Map<String, Long> occurrences = 
  list.stream().collect(Collectors.groupingBy(w -> w, Collectors.counting()));
VH-NZZ
  • 5,248
  • 4
  • 31
  • 47
  • 1
    Instead of `w->w` use `Function.identity()` – Cemo Jul 27 '16 at 07:39
  • this doesn't return the frequency of each word within each String. It returns the most reoccurring String.. How can i adapt this to return the most frequent words that appear in an ArrayList of Strings – Metin Dagcilar May 04 '17 at 12:02
  • @Cemo I personally find `w -> w` less verbose in a language where more terseness wouldn't hurt much. Any strong argument in favor of `Function.identity()`? – VH-NZZ Oct 09 '17 at 08:21
11

In statistics, this is called the "mode". A vanilla Java 8 solution looks like this:

Stream.of("test","test","hello","test")
      .collect(Collectors.groupingBy(s -> s, Collectors.counting()))
      .entrySet()
      .stream()
      .max(Comparator.comparing(Entry::getValue))
      .ifPresent(System.out::println);

Which yields:

test=3

jOOλ is a library that supports mode() on streams. The following program:

System.out.println(
    Seq.of("test","test","hello","test")
       .mode()
);

Yields:

Optional[test]

(disclaimer: I work for the company behind jOOλ)

Lukas Eder
  • 211,314
  • 129
  • 689
  • 1,509
9

As per question, Specifically just to get word, not the number of times (i.e. value of key).

String mostRepeatedWord 
    = list.stream()
          .collect(Collectors.groupingBy(w -> w, Collectors.counting()))
          .entrySet()
          .stream()
          .max(Comparator.comparing(Entry::getValue))
          .get()
          .getKey();
ChandraBhan Singh
  • 2,841
  • 1
  • 22
  • 27
6

You can make a HashMap<String,Integer>. If the String already appears in the map, increment its key by one, otherwise, add it to the map.

For example:

put("someValue", 1);

Then, assume it's "someValue" again, you can do:

put("someValue", get("someValue") + 1);

Since the key of "someValue" is 1, now when you put it, the key will be 2.

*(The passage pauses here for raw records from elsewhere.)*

(* Let $N>0$, $R=\mathbb{Q}[x_1,x_2,y_1,y_2]$, $w_2=(y_2^{N+1}-x_2^{N+1})/(y_2-x_2)$, and let $u_1,u_2\in R$ be homogeneous with $y_1^{N+1}+y_2^{N+1}-x_1^{N+1}-x_2^{N+1}=u_1(y_1+y_2-x_1-x_2)+u_2(y_1y_2-x_1x_2)$ and $u_i(y_1,y_2,x_1,x_2)=u_i(x_1,x_2,y_1,y_2)$. Let $\gamma=\frac{\partial u_1}{\partial y_1}-\frac{\partial u_1}{\partial y_2}-\frac12\frac{\partial u_2}{\partial y_2}(x_2+y_2)+\frac12\frac{\partial u_2}{\partial y_1}(x_1+y_1)$ and let $\Omega_2(\gamma)$ be the unique polynomial solution $z$ of $2z+\frac{\partial z}{\partial y_1}(y_1-x_1)+\frac{\partial z}{\partial y_2}(y_2-x_2)=\gamma$. Then $u_1+y_1u_2-w_2$ is divisible by $x_1-y_1$ in $R$, and $\Omega_2(\gamma)=-a_2$, where $a_2=\frac12u_2+\frac{u_1+y_1u_2-w_2}{x_1-y_1}$. *)

theory Defs
  imports Complex_Main "HOL-Library.Poly_Mapping"
begin

text \<open>Multivariate polynomials over the rationals, in the style of the AFP MPoly
  development: a polynomial is a finitely supported map from monomials
  (finitely supported exponent vectors \<open>nat \<Rightarrow>\<^sub>0 nat\<close>) to rational coefficients.
  Variable indices: 0 = x1, 1 = x2, 2 = y1, 3 = y2.\<close>

type_synonym mpoly = "(nat \<Rightarrow>\<^sub>0 nat) \<Rightarrow>\<^sub>0 rat"

definition Var :: "nat \<Rightarrow> mpoly" where
  "Var i = Poly_Mapping.single (Poly_Mapping.single i 1) 1"

definition Const :: "rat \<Rightarrow> mpoly" where
  "Const c = Poly_Mapping.single 0 c"

definition inR :: "mpoly \<Rightarrow> bool" where
  "inR p \<longleftrightarrow> (\<forall>m \<in> Poly_Mapping.keys p. Poly_Mapping.keys m \<subseteq> {0..3})"

definition mdeg :: "(nat \<Rightarrow>\<^sub>0 nat) \<Rightarrow> nat" where
  "mdeg m = (\<Sum>i\<in>Poly_Mapping.keys m. Poly_Mapping.lookup m i)"

definition homogeneous :: "mpoly \<Rightarrow> bool" where
  "homogeneous p \<longleftrightarrow> (\<exists>d. \<forall>m \<in> Poly_Mapping.keys p. mdeg m = d)"

definition pderiv_var :: "nat \<Rightarrow> mpoly \<Rightarrow> mpoly" where
  "pderiv_var i p = Abs_poly_mapping
     (\<lambda>m. of_nat (Poly_Mapping.lookup m i + 1) * Poly_Mapping.lookup p (m + Poly_Mapping.single i 1))"

definition swp :: "nat \<Rightarrow> nat" where
  "swp i = (if i = 0 then 2 else if i = 1 then 3 else if i = 2 then 0 else if i = 3 then 1 else i)"

definition swap_xy :: "mpoly \<Rightarrow> mpoly" where
  "swap_xy p = Abs_poly_mapping
     (\<lambda>m. Poly_Mapping.lookup p (Abs_poly_mapping (\<lambda>i. Poly_Mapping.lookup m (swp i))))"

text \<open>w_2 = (y2^(N+1) - x2^(N+1)) / (y2 - x2) = sum_{k=0}^{N} y2^k x2^(N-k).\<close>
definition w2 :: "nat \<Rightarrow> mpoly" where
  "w2 N = (\<Sum>k\<le>N. Var 3 ^ k * Var 1 ^ (N - k))"

end

theory Submission
  imports Defs
begin

text \<open>Setting \<open>x1 = y1\<close> in the hypothesis leaves \<open>(u1 + y1 u2) (y2 - x2) = w2 (y2 - x2)\<close>, so
  \<open>x1 - y1\<close> divides \<open>u1 + y1 u2 - w2\<close>. Differentiating the hypothesis and the resulting
  division identity in \<open>y1\<close> and \<open>y2\<close> shows that \<open>-a2\<close> solves the equation defining \<open>\<Omega>\<^sub>2(\<gamma>)\<close>,
  and the solution is unique because the operator on its left is injective.\<close>

abbreviation unit_monom :: "nat \<Rightarrow> (nat \<Rightarrow>\<^sub>0 nat)" where
  "unit_monom i \<equiv> Poly_Mapping.single i 1"

lemma poly_mapping_single_add_induct [case_names zero single_add]:
  assumes "P 0"
    and "\<And>f a b. a \<notin> Poly_Mapping.keys f \<Longrightarrow> b \<noteq> 0 \<Longrightarrow> P f \<Longrightarrow> P (Poly_Mapping.single a b + f)"
  shows "P (p :: 'a \<Rightarrow>\<^sub>0 'b::comm_monoid_add)"
proof (induction p rule: Poly_Mapping.update_induct)
  case const
  then show ?case using assms(1) by simp
next
  case (update f a b)
  have "Poly_Mapping.update a b f = Poly_Mapping.single a b + f"
    using update.hyps(1)
    by (intro poly_mapping_eqI)
       (auto simp: Poly_Mapping.lookup_update lookup_add lookup_single when_def in_keys_iff)
  then show ?case using assms(2) update by simp
qed

lemma lookup_minus_nat:
  "Poly_Mapping.lookup (m - n) i = Poly_Mapping.lookup m i - Poly_Mapping.lookup (n :: 'a \<Rightarrow>\<^sub>0 nat) i"
  by (simp add: minus_poly_mapping.rep_eq)

lemma minus_unit_monom_add_unit_monom:
  "Poly_Mapping.lookup m i \<noteq> 0 \<Longrightarrow> m - unit_monom i + unit_monom i = m"
  by (intro poly_mapping_eqI) (auto simp: lookup_add lookup_minus_nat lookup_single when_def)
(* Let $m\in\mathbb{N}$, let $f_1,\dots,f_m\in C[0,1]$, and let $\mathcal{R}'$ be the ring of functions $x\mapsto p(f_1(x),\dots,f_m(x))$ where $p$ ranges over polynomials in $m$ variables with real coefficients. Then for every $r'\in\mathcal{R}'$, $$\overline{\dim}_B G(r')\le \max\{\overline{\dim}_B G(f_1),\dots,\overline{\dim}_B G(f_m)\}.$$
   Context: $C[0,1]$ is the space of real-valued continuous functions on $[0,1]$; $G(h)=\{(x,h(x)):x\in[0,1]\}\subset\mathbb{R}^2$ is the graph of $h$. For a nonempty bounded set $F$, $N_\delta(F)$ is the smallest number of sets of diameter at most $\delta$ covering $F$, and $\overline{\dim}_B F=\limsup_{\delta\to0}\frac{\log N_\delta(F)}{-\log\delta}$. *)

theory Defs
  imports "HOL-Analysis.Analysis" "HOL-Library.Liminf_Limsup"
begin

definition graph01 :: "(real \<Rightarrow> real) \<Rightarrow> (real \<times> real) set" where
  "graph01 h = {(x, h x) | x. x \<in> {0..1}}"

definition covering_number :: "real \<Rightarrow> 'a::metric_space set \<Rightarrow> nat" where
  "covering_number \<delta> F = (LEAST n. \<exists>C. finite C \<and> card C = n \<and>
      (\<forall>S\<in>C. bounded S \<and> diameter S \<le> \<delta>) \<and> F \<subseteq> \<Union>C)"

definition upper_box_dim :: "'a::metric_space set \<Rightarrow> ereal" where
  "upper_box_dim F = Limsup (at_right 0)
      (\<lambda>\<delta>. ereal (ln (real (covering_number \<delta> F)) / - ln \<delta>))"

text \<open>The ring R' generated by f_0..f_{m-1}: functions x \<mapsto> p(f_0 x, ..., f_{m-1} x),
  p a real polynomial in m variables, written as a finite sum of monomials with
  exponent vectors \<alpha> (only \<alpha> i for i < m matter).\<close>
definition poly_ring_of :: "nat \<Rightarrow> (nat \<Rightarrow> real \<Rightarrow> real) \<Rightarrow> (real \<Rightarrow> real) set" where
  "poly_ring_of m f = {r. \<exists>A c. finite A \<and>
      r = (\<lambda>x. \<Sum>\<alpha>\<in>A. c \<alpha> * (\<Prod>i<m. f i x ^ \<alpha> i))}"

end

theory Submission
  imports Defs
begin

text \<open>A polynomial r in f_1, ..., f_m is Lipschitz for the pseudometric
  \<Sum>i. |f_i x - f_i y| on [0,1]. Cut [0,1] into columns of width \<delta>. By the intermediate value
  theorem the oscillation of f_i over a column is at most 2\<delta> times the number of sets of an
  optimal \<delta>-cover of the graph of f_i that meet the graph above that column, and each such set
  meets at most three columns. Hence the oscillations of r over all columns add up to
  O(\<delta> \<Sum>i. N_\<delta>(G f_i)), and counting the cells of a grid of mesh \<delta>/2 met by G r gives
  N_\<delta>(G r) \<le> K \<Sum>i. N_\<delta>(G f_i) for a constant K. The constant disappears in the limit of
  ln N_\<delta> / -ln \<delta>.\<close>

definition delta_cover :: "real \<Rightarrow> 'a::metric_space set set \<Rightarrow> 'a set \<Rightarrow> bool" where
  "delta_cover \<delta> C F \<longleftrightarrow> finite C \<and> (\<forall>S\<in>C. bounded S \<and> diameter S \<le> \<delta>) \<and> F \<subseteq> \<Union>C"

lemma covering_number_le_card:
  assumes "delta_cover \<delta> C F"
  shows "covering_number \<delta> F \<le> card C"
  using assms unfolding covering_number_def delta_cover_def by (intro Least_le) blast

lemma covering_number_attained:
  assumes "delta_cover \<delta> C F"
  obtains C' where "delta_cover \<delta> C' F" "card C' = covering_number \<delta> F"
proof -
  have "\<exists>n C. finite C \<and> card C = n \<and> (\<forall>S\<in>C. bounded S \<and> diameter S \<le> \<delta>) \<and> F \<subseteq> \<Union>C"
    using assms unfolding delta_cover_def by blast
  from LeastI_ex[OF this] show ?thesis
    using that unfolding covering_number_def delta_cover_def by blast
qed

lemma compact_imp_delta_cover:
  fixes F :: "'a::euclidean_space set"
  assumes "compact F" "\<delta> > 0"
  obtains C where "delta_cover \<delta> C F"
proof -
  obtain k where "finite k" "F \<subseteq> (\<Union>x\<in>k. ball x (\<delta>/2))"
    using assms unfolding compact_eq_totally_bounded by (meson half_gt_zero)
  then have "delta_cover \<delta> ((\<lambda>x. ball x (\<delta>/2)) ` k) F"
    using assms(2) unfolding delta_cover_def by auto
  then show ?thesis by (rule that)
qed

lemma compact_graph01:
  assumes "continuous_on {0..1} h"
  shows "compact (graph01 h)"
proof -
  have "graph01 h = (\<lambda>x. (x, h x)) ` {0..1}" unfolding graph01_def by auto
  moreover have "continuous_on {0..1} (\<lambda>x. (x, h x))"
    by (intro continuous_on_Pair continuous_on_id assms)
  ultimately show ?thesis by (metis compact_Icc compact_continuous_image)
qed

lemma covering_number_graph01_attained:
  assumes "continuous_on {0..1} h" "\<delta> > 0"
  obtains C where "delta_cover \<delta> C (graph01 h)" "card C = covering_number \<delta> (graph01 h)"
proof -
  obtain C0 where "delta_cover \<delta> C0 (graph01 h)"
    using compact_imp_delta_cover[OF compact_graph01[OF assms(1)] assms(2)] .
  then show ?thesis using that by (rule covering_number_attained)
qed

lemma components_le_diameter:
  fixes p q :: "real \<times> real"
  assumes "bounded S" "diameter S \<le> \<delta>" "p \<in> S" "q \<in> S"
  shows "\<bar>fst p - fst q\<bar> \<le> \<delta>" "\<bar>snd p - snd q\<bar> \<le> \<delta>"
proof -
  have "dist p q \<le> \<delta>" using assms diameter_bounded_bound by fastforce
  then show "\<bar>fst p - fst q\<bar> \<le> \<delta>" "\<bar>snd p - snd q\<bar> \<le> \<delta>"
    using dist_fst_le[of p q] dist_snd_le[of p q] by (simp_all add: dist_real_def)
qed
lemma greedy_gap:
  assumes "\<not> (\<exists>b\<ge>0. PiS A r p b = Q)"
  shows "greedy A u p d \<eta> \<gamma> Q \<subseteq> A" "0 \<le> UE A u p d \<eta> Q"
    "\<forall>B\<subseteq>A. L (greedy A u p d \<eta> \<gamma> Q) \<le> L B + UE A u p d \<eta> Q"
proof -
  define Bp where "Bp = Bplus A r p Q"
  define Bm where "Bm = Bminus A r p Q"
  define m where "m = (if Bm = {} then Max (r ` A) else Min (r ` Bm))"
  note Bm = Bminus_threshold[OF finite_A A_ne Q_pos, where r = r and p = p,
      folded Bm_def, folded m_def]
  have greedy: "greedy A u p d \<eta> \<gamma> Q = (if (\<Sum>j\<in>Bp - Bm. u j * (p j - \<eta> * d j))
      \<ge> \<gamma> * (\<Sum>j\<in>Bp. p j) - \<gamma> * Q then Bp else Bm)"
    using assms by (simp add: greedy_def Let_def Bp_def Bm_def del: not_ex)
  have UE: "UE A u p d \<eta> Q = m * (Q - (\<Sum>j\<in>Bm. p j))"
    using assms by (simp add: UE_def Let_def Bm_def m_def del: not_ex)
  have "Sset A r 0 = A" using ratio_pos by (force simp: Sset_def)
  moreover have "Sset A r 0 \<in> {Sset A r b | b. b \<ge> 0 \<and> PiS A r p b > Q}"
    using calculation Q_less by (intro CollectI exI[of _ 0]) (simp add: PiS_def)
  ultimately have "Bp \<subseteq> A" unfolding Bp_def Bplus_def by blast
  then have greedy_le: "L (greedy A u p d \<eta> \<gamma> Q) \<le> L Bm"
    using loss_Bplus_le_Bminus Bm(5) by (simp add: greedy Bp_def Bm_def)
  have m: "0 \<le> m" "m \<le> \<gamma>"
    using Bm(2) ratio_pos ratio_less_gamma by (auto intro: less_imp_le)
  have Bm_near: "L Bm \<le> L B + UE A u p d \<eta> Q" if "B \<subseteq> A" for B
    using loss_threshold_lower_bound[OF that Bm(1) m Bm(3,4)] loss_ratio_form[OF Bm(1)] Bm(5)
    by (simp add: UE)
  show "\<forall>B\<subseteq>A. L (greedy A u p d \<eta> \<gamma> Q) \<le> L B + UE A u p d \<eta> Q"
    using order.trans[OF greedy_le Bm_near] by blast
  show "0 \<le> UE A u p d \<eta> Q" using m Bm(5) by (simp add: UE)
  show "greedy A u p d \<eta> \<gamma> Q \<subseteq> A" using \<open>Bp \<subseteq> A\<close> Bm(1) by (simp add: greedy)
qed

theorem greedy_near_optimal:
  "0 \<le> UE A u p d \<eta> Q \<and> Min (L ` Pow A) \<le> L (greedy A u p d \<eta> \<gamma> Q)
    \<and> L (greedy A u p d \<eta> \<gamma> Q) \<le> Min (L ` Pow A) + UE A u p d \<eta> Q"
proof -
  have "greedy A u p d \<eta> \<gamma> Q \<subseteq> A \<and> 0 \<le> UE A u p d \<eta> Q
    \<and> (\<forall>B\<subseteq>A. L (greedy A u p d \<eta> \<gamma> Q) \<le> L B + UE A u p d \<eta> Q)"
  proof (cases "\<exists>b\<ge>0. PiS A r p b = Q")
    case True
    then show ?thesis using greedy_exact[OF True] by simp
  next
    case False
    then show ?thesis using greedy_gap[OF False] by blast
  qed
  then show ?thesis
    using Min_image_near_optimal[of "Pow A" "greedy A u p d \<eta> \<gamma> Q" L "UE A u p d \<eta> Q"] finite_A
    by simp
qed

end
(* Let $\{E^A_{\alpha,k}\}$ be an informationally complete $(N_A,M_A)$ POVM on $\mathbb{C}^{d_A}$ with parameter $x_A$ and $\{E^B_{\beta,j}\}$ an informationally complete $(N_B,M_B)$ POVM on $\mathbb{C}^{d_B}$ with parameter $x_B$. For every separable state $\rho_{AB}$ on $\mathbb{C}^{d_A}\otimes\mathbb{C}^{d_B}$, $$\sum_{\alpha=1}^{N_A}\sum_{k=1}^{M_A}\sum_{\beta=1}^{N_B}\sum_{j=1}^{M_B}\mathrm{tr}\big[(E^A_{\alpha,k}\otimes E^B_{\beta,j})\rho_{AB}\big]^2\le\frac{(d_A-1)(d_A^2+M_A^2x_A)}{d_AM_A(M_A-1)}\cdot\frac{(d_B-1)(d_B^2+M_B^2x_B)}{d_BM_B(M_B-1)}.$$
   Context: An $(N,M)$ POVM on $\mathbb{C}^d$ (with $M\ge 2$) consists of $N$ POVMs $\{E_{\alpha,k}\mid k=1,\dots,M\}$, $\alpha=1,\dots,N$, satisfying $\mathrm{tr}(E_{\alpha,k})=d/M$, $\mathrm{tr}(E_{\alpha,k}^2)=x$, $\mathrm{tr}(E_{\alpha,k}E_{\alpha,l})=\frac{d-Mx}{M(M-1)}$ for $l\ne k$, and $\mathrm{tr}(E_{\alpha,k}E_{\beta,l})=d/M^2$ for $\beta\ne\alpha$, where $\frac{d}{M^2}<x\le\min\{\frac{d^2}{M^2},\frac dM\}$; it is informationally complete if $N(M-1)=d^2-1$. A state is separable if it is a convex combination of product states $\rho_A^i\otimes\rho_B^i$. *)

theory Defs
  imports "HOL-Analysis.Analysis"
begin

definition hermitian :: "complex^'n::finite^'n \<Rightarrow> bool" where
  "hermitian A \<longleftrightarrow> (\<forall>i j. A $ i $ j = cnj (A $ j $ i))"

definition psd :: "complex^'n::finite^'n \<Rightarrow> bool" where
  "psd A \<longleftrightarrow> hermitian A \<and>
     (\<forall>v :: complex^'n. let q = (\<Sum>i\<in>UNIV. \<Sum>j\<in>UNIV. cnj (v $ i) * A $ i $ j * v $ j)
                        in Im q = 0 \<and> Re q \<ge> 0)"

definition density :: "complex^'n::finite^'n \<Rightarrow> bool" where
  "density \<rho> \<longleftrightarrow> psd \<rho> \<and> trace \<rho> = 1"

definition kron :: "complex^'n::finite^'n \<Rightarrow> complex^'m::finite^'m \<Rightarrow> complex^('n::finite \<times> 'm::finite)^('n \<times> 'm)" where
  "kron A B = (\<chi> p q. A $ fst p $ fst q * B $ snd p $ snd q)"

definition separable :: "complex^('n::finite \<times> 'm::finite)^('n \<times> 'm) \<Rightarrow> bool" where
  "separable \<rho> \<longleftrightarrow> (\<exists>(r::nat) (p::nat \<Rightarrow> real) \<rho>A \<rho>B.
      (\<forall>i<r. p i \<ge> 0 \<and> density (\<rho>A i) \<and> density (\<rho>B i)) \<and>
      (\<Sum>i<r. p i) = 1 \<and>
      \<rho> = (\<Sum>i<r. (\<chi> u v. complex_of_real (p i) * kron (\<rho>A i) (\<rho>B i) $ u $ v)))"

text \<open>(N,M) POVM on C^d, d = CARD('n), with parameter x; indices alpha < N, k < M (0-based).\<close>
definition NM_POVM :: "nat \<Rightarrow> nat \<Rightarrow> real \<Rightarrow> (nat \<Rightarrow> nat \<Rightarrow> complex^'n::finite^'n) \<Rightarrow> bool" where
  "NM_POVM N M x E \<longleftrightarrow>
     (let d = real CARD('n) in
      M \<ge> 2 \<and>
      d / real M ^ 2 < x \<and> x \<le> min (d ^ 2 / real M ^ 2) (d / real M) \<and>
      (\<forall>a<N. \<forall>k<M. psd (E a k)) \<and>
      (\<forall>a<N. (\<Sum>k<M. E a k) = mat 1) \<and>
      (\<forall>a<N. \<forall>k<M. trace (E a k) = complex_of_real (d / real M)) \<and>
      (\<forall>a<N. \<forall>k<M. trace (E a k ** E a k) = complex_of_real x) \<and>
      (\<forall>a<N. \<forall>k<M. \<forall>l<M. l \<noteq> k \<longrightarrow>
          trace (E a k ** E a l) = complex_of_real ((d - real M * x) / (real M * (real M - 1)))) \<and>
      (\<forall>a<N. \<forall>b<N. \<forall>k<M. \<forall>l<M. b \<noteq> a \<longrightarrow>
          trace (E a k ** E b l) = complex_of_real (d / real M ^ 2)))"

definition IC_NM_POVM :: "nat \<Rightarrow> nat \<Rightarrow> real \<Rightarrow> (nat \<Rightarrow> nat \<Rightarrow> complex^'n::finite^'n) \<Rightarrow> bool" where
  "IC_NM_POVM N M x E \<longleftrightarrow> NM_POVM N M x E \<and> N * (M - 1) = CARD('n) ^ 2 - 1"

end

(*
  For a single (N,M)-POVM the centred effects E(a,k) - I/M have a block Gram matrix:
  different blocks a are orthogonal, and inside a block it is (c - c') Id + c' J with
  c - c' = (M^2 x - d) / (M (M - 1)). As every block of centred effects sums to zero, a
  Bessel-type inequality bounds the sum of (tr (E(a,k) rho) - 1/M)^2 by c - c' times the
  squared Hilbert-Schmidt norm of the traceless part of rho, which is tr rho^2 - 1/d <= 1 - 1/d.
  Restoring the means and using N (M - 1) = d^2 - 1 gives the bound for one system.
  For a separable state each tr ((E(a,k) (x) F(b,j)) rho) is a convex combination of products
  of single-system probabilities, so convexity of the square bounds the sum over all four
  indices by the product of the two single-system bounds.
*)
theory Submission
  imports Defs
begin

lemma psd_imp_hermitian: "psd A \<Longrightarrow> hermitian A"
  by (simp add: psd_def)

lemma hermitian_cnj_entry: "hermitian A \<Longrightarrow> cnj (A $ i $ j) = A $ j $ i"
  unfolding hermitian_def by (metis complex_cnj_cnj)

lemma hermitian_mat1: "hermitian (mat 1 :: complex^'n::finite^'n)"
  by (simp add: hermitian_def mat_def)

After that you can easily go through the map and extract the key that has the highest value.

I didn't write a full solution, try to construct one, if you have problems post it in another question. Best practice is to learn by yourself.

Maroun
  • 94,125
  • 30
  • 188
  • 241
2

I think the best way to do it is using maps containing counts.

Map<String, Integer> stringsCount = new HashMap<>();

And iterate over your array filling this map:

for(String s: list)
{
  Integer c = stringsCount.get(s);
  if(c == null) c = new Integer(0);
  c++;
  stringsCount.put(s,c);
}

Finally, you can get the most repeated element iterating over the map:

Map.Entry<String,Integer> mostRepeated = null;
for(Map.Entry<String, Integer> e: stringsCount.entrySet())
{
    if(mostRepeated == null || mostRepeated.getValue()<e.getValue())
        mostRepeated = e;
}

And show the most common string:

if(mostRepeated != null)
        System.out.println("Most common string: " + mostRepeated.getKey());
0

You could use a HashMap<String,Integer>. Looping through the array, you can check for each String if it is not already a Key of your HashMap, add it and set the value to 1, if it is, increase its value by 1.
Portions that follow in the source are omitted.